* About this task *
Of all the entries below, retype only the lines from the one with "additive_subgroup.a_subset by blast" through the one with "using \<open>s \<in>", exactly as they appear.

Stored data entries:

* * *

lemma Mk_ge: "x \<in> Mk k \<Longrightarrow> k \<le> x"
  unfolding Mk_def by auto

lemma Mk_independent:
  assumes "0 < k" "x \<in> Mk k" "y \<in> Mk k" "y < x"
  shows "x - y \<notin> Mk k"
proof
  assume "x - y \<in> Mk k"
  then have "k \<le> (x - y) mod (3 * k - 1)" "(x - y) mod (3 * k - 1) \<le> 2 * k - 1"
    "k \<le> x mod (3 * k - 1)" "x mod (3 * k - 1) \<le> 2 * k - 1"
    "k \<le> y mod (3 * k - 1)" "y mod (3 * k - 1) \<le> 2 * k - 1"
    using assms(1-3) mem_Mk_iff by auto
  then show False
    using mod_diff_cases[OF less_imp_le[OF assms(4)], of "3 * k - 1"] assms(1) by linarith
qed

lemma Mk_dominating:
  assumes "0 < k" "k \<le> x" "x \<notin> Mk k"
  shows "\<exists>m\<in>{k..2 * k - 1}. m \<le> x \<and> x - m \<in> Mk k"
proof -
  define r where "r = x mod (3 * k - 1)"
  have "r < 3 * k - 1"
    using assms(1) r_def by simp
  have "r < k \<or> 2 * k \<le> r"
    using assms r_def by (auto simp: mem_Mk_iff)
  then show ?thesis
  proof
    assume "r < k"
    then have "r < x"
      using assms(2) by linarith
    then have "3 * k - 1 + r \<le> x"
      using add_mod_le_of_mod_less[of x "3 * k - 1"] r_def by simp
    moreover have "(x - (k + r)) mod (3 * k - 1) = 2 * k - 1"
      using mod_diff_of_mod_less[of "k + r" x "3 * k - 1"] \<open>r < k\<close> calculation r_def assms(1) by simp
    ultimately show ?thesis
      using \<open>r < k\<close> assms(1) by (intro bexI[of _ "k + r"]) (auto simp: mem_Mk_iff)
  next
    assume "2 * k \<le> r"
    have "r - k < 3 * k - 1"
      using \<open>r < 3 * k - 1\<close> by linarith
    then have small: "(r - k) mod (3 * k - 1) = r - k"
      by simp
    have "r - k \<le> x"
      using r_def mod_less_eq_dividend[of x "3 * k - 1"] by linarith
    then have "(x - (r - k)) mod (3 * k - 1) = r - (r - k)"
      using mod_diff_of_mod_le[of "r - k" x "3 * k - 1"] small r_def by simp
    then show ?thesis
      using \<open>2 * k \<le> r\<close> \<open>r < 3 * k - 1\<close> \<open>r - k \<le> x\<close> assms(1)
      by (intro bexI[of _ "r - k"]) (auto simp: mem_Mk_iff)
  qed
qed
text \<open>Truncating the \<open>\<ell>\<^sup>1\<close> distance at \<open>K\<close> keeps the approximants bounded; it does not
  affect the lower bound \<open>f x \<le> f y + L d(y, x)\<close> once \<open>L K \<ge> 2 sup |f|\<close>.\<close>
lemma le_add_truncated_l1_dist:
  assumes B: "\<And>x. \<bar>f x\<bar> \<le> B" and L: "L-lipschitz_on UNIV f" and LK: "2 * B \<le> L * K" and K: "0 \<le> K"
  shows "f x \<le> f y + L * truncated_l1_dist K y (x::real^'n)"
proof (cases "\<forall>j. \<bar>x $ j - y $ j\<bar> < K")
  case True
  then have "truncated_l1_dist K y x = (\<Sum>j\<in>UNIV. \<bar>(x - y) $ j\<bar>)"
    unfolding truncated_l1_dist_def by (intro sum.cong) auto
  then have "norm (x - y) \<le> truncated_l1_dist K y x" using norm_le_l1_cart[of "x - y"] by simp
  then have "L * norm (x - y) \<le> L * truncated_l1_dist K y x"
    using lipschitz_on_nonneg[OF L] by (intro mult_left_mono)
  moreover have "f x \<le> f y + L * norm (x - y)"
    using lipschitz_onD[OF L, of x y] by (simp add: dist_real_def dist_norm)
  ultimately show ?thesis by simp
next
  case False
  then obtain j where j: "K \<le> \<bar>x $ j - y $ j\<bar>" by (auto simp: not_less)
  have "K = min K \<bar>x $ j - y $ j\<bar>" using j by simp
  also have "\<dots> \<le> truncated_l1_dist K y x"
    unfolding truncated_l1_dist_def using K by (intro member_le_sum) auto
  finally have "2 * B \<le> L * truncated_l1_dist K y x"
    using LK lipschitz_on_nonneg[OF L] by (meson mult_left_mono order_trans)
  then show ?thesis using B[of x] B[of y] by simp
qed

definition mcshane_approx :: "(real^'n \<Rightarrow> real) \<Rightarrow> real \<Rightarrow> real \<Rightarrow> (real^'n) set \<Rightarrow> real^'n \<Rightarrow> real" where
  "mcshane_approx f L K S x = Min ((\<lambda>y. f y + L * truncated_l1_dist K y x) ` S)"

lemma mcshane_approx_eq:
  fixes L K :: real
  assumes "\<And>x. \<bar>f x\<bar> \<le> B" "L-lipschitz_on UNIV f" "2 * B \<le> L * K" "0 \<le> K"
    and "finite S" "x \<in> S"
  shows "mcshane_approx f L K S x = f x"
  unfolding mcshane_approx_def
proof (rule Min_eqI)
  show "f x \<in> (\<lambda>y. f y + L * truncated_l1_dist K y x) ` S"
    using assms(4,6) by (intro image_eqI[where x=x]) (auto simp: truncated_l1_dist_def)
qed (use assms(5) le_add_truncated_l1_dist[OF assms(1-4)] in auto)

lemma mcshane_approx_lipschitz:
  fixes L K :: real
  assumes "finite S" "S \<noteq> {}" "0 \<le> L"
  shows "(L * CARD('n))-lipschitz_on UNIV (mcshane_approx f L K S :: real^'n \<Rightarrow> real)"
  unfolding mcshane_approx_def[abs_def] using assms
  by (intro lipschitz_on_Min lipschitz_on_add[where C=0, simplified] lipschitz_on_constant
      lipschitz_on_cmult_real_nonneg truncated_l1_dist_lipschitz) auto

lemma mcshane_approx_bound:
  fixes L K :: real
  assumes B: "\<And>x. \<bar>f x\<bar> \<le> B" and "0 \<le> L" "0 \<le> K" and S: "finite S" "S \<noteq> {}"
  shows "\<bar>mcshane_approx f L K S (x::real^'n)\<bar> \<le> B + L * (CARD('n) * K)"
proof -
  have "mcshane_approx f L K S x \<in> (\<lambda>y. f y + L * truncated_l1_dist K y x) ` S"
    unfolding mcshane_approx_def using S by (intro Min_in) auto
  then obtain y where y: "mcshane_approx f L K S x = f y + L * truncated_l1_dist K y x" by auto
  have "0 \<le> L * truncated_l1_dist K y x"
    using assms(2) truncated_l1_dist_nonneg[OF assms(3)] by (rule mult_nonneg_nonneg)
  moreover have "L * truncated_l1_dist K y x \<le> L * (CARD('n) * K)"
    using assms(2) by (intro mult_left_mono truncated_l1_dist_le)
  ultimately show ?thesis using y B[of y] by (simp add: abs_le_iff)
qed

* * *

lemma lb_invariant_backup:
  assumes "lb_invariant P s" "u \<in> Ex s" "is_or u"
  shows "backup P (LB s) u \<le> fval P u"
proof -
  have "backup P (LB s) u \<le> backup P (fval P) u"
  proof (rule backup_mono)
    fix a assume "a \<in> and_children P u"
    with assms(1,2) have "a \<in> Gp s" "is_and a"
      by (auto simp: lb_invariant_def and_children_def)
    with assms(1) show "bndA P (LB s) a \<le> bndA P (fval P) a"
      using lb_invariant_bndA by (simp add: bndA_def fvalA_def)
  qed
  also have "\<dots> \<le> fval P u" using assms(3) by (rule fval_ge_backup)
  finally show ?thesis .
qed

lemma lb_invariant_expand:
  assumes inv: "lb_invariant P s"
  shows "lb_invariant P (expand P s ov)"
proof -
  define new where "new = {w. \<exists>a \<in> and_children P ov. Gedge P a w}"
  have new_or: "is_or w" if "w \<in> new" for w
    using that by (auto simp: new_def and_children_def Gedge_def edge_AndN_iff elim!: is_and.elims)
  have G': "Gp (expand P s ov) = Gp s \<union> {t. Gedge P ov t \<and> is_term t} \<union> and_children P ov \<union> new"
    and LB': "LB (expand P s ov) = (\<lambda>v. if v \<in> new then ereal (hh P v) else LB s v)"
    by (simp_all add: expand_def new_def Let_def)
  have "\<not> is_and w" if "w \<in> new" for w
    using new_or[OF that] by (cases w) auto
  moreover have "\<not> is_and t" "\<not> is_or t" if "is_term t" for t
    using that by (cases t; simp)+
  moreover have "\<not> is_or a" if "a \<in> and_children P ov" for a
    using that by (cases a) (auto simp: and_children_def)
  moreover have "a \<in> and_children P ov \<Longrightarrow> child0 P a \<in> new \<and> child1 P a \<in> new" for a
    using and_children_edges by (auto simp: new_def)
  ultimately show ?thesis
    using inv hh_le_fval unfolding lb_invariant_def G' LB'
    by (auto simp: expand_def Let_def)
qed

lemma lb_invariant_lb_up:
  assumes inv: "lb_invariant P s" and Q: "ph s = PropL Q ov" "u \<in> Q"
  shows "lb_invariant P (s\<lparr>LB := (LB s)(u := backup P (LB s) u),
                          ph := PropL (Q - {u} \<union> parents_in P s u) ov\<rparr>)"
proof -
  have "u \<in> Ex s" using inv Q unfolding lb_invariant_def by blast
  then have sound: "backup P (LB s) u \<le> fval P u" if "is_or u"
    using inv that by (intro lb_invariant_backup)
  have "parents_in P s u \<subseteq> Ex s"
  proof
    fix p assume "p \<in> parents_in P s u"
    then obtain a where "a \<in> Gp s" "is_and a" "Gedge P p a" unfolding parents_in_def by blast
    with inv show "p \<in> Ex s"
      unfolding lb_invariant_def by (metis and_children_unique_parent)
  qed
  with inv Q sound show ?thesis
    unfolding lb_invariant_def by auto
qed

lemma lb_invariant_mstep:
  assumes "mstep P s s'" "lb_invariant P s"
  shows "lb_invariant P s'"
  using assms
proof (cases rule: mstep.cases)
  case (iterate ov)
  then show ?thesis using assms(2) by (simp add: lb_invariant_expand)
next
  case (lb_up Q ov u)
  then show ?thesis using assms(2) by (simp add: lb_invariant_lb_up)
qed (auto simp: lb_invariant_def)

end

* * *

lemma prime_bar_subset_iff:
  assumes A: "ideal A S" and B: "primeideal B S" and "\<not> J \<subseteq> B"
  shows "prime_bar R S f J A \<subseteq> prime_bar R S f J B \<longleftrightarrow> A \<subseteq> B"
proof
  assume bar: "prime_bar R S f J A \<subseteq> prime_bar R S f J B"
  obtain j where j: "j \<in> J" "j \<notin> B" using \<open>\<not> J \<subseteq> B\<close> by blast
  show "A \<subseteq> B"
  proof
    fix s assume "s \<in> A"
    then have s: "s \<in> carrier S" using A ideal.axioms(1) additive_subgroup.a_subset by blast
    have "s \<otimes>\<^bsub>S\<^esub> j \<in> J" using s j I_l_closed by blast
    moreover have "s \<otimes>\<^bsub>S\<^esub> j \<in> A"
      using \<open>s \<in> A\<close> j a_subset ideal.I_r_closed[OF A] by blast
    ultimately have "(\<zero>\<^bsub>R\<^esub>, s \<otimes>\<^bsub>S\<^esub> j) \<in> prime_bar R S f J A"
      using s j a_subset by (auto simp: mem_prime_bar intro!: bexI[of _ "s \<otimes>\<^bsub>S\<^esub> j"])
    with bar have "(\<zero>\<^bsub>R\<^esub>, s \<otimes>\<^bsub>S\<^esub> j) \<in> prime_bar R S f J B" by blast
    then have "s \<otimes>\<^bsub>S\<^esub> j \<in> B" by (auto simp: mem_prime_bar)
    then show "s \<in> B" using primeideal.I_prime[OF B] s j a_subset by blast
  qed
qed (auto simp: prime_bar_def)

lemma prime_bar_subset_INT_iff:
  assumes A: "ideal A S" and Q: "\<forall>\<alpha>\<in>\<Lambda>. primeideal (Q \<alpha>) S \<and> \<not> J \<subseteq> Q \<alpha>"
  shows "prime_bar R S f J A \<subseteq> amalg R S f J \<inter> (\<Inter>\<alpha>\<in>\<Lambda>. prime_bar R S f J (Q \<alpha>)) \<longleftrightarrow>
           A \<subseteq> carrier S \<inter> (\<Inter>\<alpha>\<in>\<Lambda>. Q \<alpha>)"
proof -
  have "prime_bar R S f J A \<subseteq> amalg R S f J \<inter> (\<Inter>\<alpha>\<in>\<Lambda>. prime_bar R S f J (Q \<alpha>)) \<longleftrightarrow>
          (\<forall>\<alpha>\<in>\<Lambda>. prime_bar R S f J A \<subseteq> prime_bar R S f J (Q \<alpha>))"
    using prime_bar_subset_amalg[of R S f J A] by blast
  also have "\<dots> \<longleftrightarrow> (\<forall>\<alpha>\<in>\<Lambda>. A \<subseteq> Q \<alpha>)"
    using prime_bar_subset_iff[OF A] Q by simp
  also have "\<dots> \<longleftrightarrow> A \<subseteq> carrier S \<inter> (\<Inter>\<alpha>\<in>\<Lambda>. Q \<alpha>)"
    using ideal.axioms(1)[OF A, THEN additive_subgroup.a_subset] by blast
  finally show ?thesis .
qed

* * *

* Expected answer *
    then have s: "s \<in> carrier S" using A ideal.axioms(1) additive_subgroup.a_subset by blast
    have "s \<otimes>\<^bsub>S\<^esub> j \<in> J" using s j I_l_closed by blast
    moreover have "s \<otimes>\<^bsub>S\<^esub> j \<in> A"
      using \<open>s \<in> A\<close> j a_subset ideal.I_r_closed[OF A] by blast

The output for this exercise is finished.